Когда ее регистрировали, она отвечала на вопросы прямо и гордо:
— Да, замужем за офицером.
— Да, считаю захват Польши преступлением.
— Да, мечтаю, чтобы все оккупанты ушли.
Ей дали подписать протокол и отправили с партией таких же женщин в вагоны-теплушки. Грязные нары в два этажа с каждой стороны от двери, прикрытые тонкими соломенными матрасами. В углу вагона — бочка-параша. Они сами отгородили ее занавеской.
Куда их везли, им не сказали, но разрешили взять все вещи, выдали еду и воду на несколько дней. Состав часто останавливался, но не на станциях, а на запасных путях, пропуская пассажирские и военные поезда. Тогда им открывали дверь, давали подышать свежим воздухом, но наружу не выпускали. В вагон заходили агенты охраны, выделяли двух женщин выносить и опорожнять парашу, чтобы не воняла в пути. Охранники улыбались им, пытались шутить и заигрывать, но они плохо понимали русский.
Это произошло на вторую ночь пути. Два охранника с вечера залезли в вагон, принесли в больших чанах кипяток и стали заговаривать с Ядвигой и другими. Она им особенно приглянулась. Но гордая Ядвига разговаривать с ними не хотела, отворачивалась в сторону, показывая презрение. Состав тронулся, и охранники остались ехать в вагоне. Наступила ночь, в полной темноте вагона женщины улеглись на нарах. Ядвига постелила под Гржинку и под себя мягкие вещи, укрыла ее своим пальто, а на себя накинула шинель мужа. У другой стены вагона на нарах спали еще две женщины постарше, без детей.
Колеса мирно стучали, когда Ядвига вдруг проснулась от того, что на нее кто-то навалился. Она пыталась освободиться и закричать, но ее рот был закрыт сильными мужскими руками. Ей быстро намотали на голову пропахшую потом гимнастерку. Мужские руки уже жадно шарили по ее телу, стаскивали трусы и с силой раздвигали ноги. Платье задрали по самую шею так, что оно давило ей на горло и затрудняло дыхание, и руки с силой мяли ее груди. Она поняла, что действовали двое — второй закинул ее руки и держал их за головой, ожидая своей очереди. На случай, если бы ее соседки проснулись, он был готов отогнать их.
У Ядвиги не было сил сопротивляться. Задыхаясь и дрожа, она чувствовала, как первый закинул ее раздвинутые ноги, сильно прижал ее, схватил и натянул на себя. Он больно и резко проник в нее и задвигался, тяжело сопя. Безвольно распластавшись, в страхе и боли Ядвига старалась удерживать дыхание и рыдания и думала только об одном — чтобы, не дай бог, не проснулась Гржинка, чтобы не испугалась и не закричала. Ядвиге уже нечего было бояться за себя, она только боялась, что если дочь закричит, они могут что-нибудь сделать с ней, придушить ее. Когда на нее улегся второй, две ее соседки проснулись от тяжелого стука тел по нарам. Но распаленные охранники наставили на их головы дула ружей и жестом показали, что будут стрелять и голова отлетит в сторону.

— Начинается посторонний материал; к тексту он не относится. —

(* Let $(X,\to,d_A)$ be a finitely branching metric transition system over $A$, and let $\alpha\colon\mathit{DPMet}(X)\to\mathrm{Pre}(X)$, $\alpha(d)=\{(x,y)\mid d(x,y)=0\}$, and $\gamma\colon\mathrm{Pre}(X)\to\mathit{DPMet}(X)$, $\gamma(R)=1-\chi_R$. Then $\alpha\circ\beta_S(d)=\beta_s\circ\alpha(d)$ for every $d\in\mathit{DPMet}(X)$, and consequently $\mu\,\beta_s=\alpha(\mu\,\beta_S)$.
   Context: $\delta(x)=\{(a,x')\mid x\xrightarrow{a}x'\}$, $\delta_a(x)=\{x'\mid x\xrightarrow{a}x'\}$; finitely branching: all $\delta(x)$ finite; $d_A$ is a metric on $A$ with values in $[0,1]$. $\mathit{DPMet}(X)$: directed pseudo-metrics on $X$, ordered pointwise; $\mathrm{Pre}(X)$: preorders on $X$, ordered by $\supseteq$; least fixpoints are taken in these lattices; $\chi_R$ is the characteristic function of $R$. $\beta_S(d)(x,y)=\bigvee_{(a,x')\in\delta(x)}\bigwedge_{(b,y')\in\delta(y)}\max\{d_A(a,b),d(x',y')\}$ (the directed simulation behaviour function; empty join $0$, empty meet $1$). $\beta_s(R)=\{(x_1,x_2)\mid\forall a\in A,\,y_1\in\delta_a(x_1)\,\exists y_2\in\delta_a(x_2)\colon y_1Ry_2\}$ (the simulation behaviour function). *)

theory Defs
  imports Main "HOL.Real"
begin

definition delta :: "('x \<Rightarrow> 'a \<Rightarrow> 'x \<Rightarrow> bool) \<Rightarrow> 'x \<Rightarrow> ('a \<times> 'x) set" where
  "delta tr x = {(a, x'). tr x a x'}"

definition delta_a :: "('x \<Rightarrow> 'a \<Rightarrow> 'x \<Rightarrow> bool) \<Rightarrow> 'a \<Rightarrow> 'x \<Rightarrow> 'x set" where
  "delta_a tr a x = {x'. tr x a x'}"

definition finitely_branching :: "('x \<Rightarrow> 'a \<Rightarrow> 'x \<Rightarrow> bool) \<Rightarrow> bool" where
  "finitely_branching tr \<longleftrightarrow> (\<forall>x. finite (delta tr x))"

definition metric01 :: "('a \<Rightarrow> 'a \<Rightarrow> real) \<Rightarrow> bool" where
  "metric01 dA \<longleftrightarrow> (\<forall>a b. 0 \<le> dA a b \<and> dA a b \<le> 1)
     \<and> (\<forall>a b. dA a b = 0 \<longleftrightarrow> a = b)
     \<and> (\<forall>a b. dA a b = dA b a)
     \<and> (\<forall>a b c. dA a c \<le> dA a b + dA b c)"

definition DPMet :: "('x \<Rightarrow> 'x \<Rightarrow> real) set" where
  "DPMet = {d. (\<forall>x y. 0 \<le> d x y \<and> d x y \<le> 1) \<and> (\<forall>x. d x x = 0)
               \<and> (\<forall>x y z. d x z \<le> d x y + d y z)}"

Это продолжалось долго, Ядвига почти совсем задохнулась от запаха гимнастерки и уже не чувствовала, как они менялись на ней и что с ней делали. Поезд стал притормаживать, и тогда кончился этот кошмар, состав остановился, охранники содрали с ее головы гимнастерку и спрыгнули на землю. Кто они были, на кого жаловаться, кому жаловаться?
Раздавленную, залапанную до боли во всем теле, взлохмаченную, с обезумевшими глазами, Ядвигу трясло, громко стучали зубы и дугой выгибалась спина. Она все повторяла:
— Я обесчещена… я обесчещена…
Две ее соседки плакали втихомолку. На других нарах проснулись женщины, подбежали, поняли, в чем дело. Они пытались успокоить Ядвигу, поили водой, гладили. Стуча зубами о край кружки, она сказала:
— Я обесчещена. Мы все теперь стали рабынями…
Их везли три недели. В дневное время охранники, которые сменялись на всех этапах пути, проявляли к ним обычное внимание, приносили еду и кипяток, разговаривали. А когда приходила ночь, в разных вагонах они насиловали то одну, то нескольких полячек. Некоторые покорно и бесстыдно отдавали себя им. Ядвига, самая красивая, была частой жертвой, но она так сопротивлялась, что ее никогда не могли взять меньше чем двое. И даже маленькая Гржинка уже несколько раз просыпалась и с испугом видела эти сцены. Но плакать и кричать она боялась.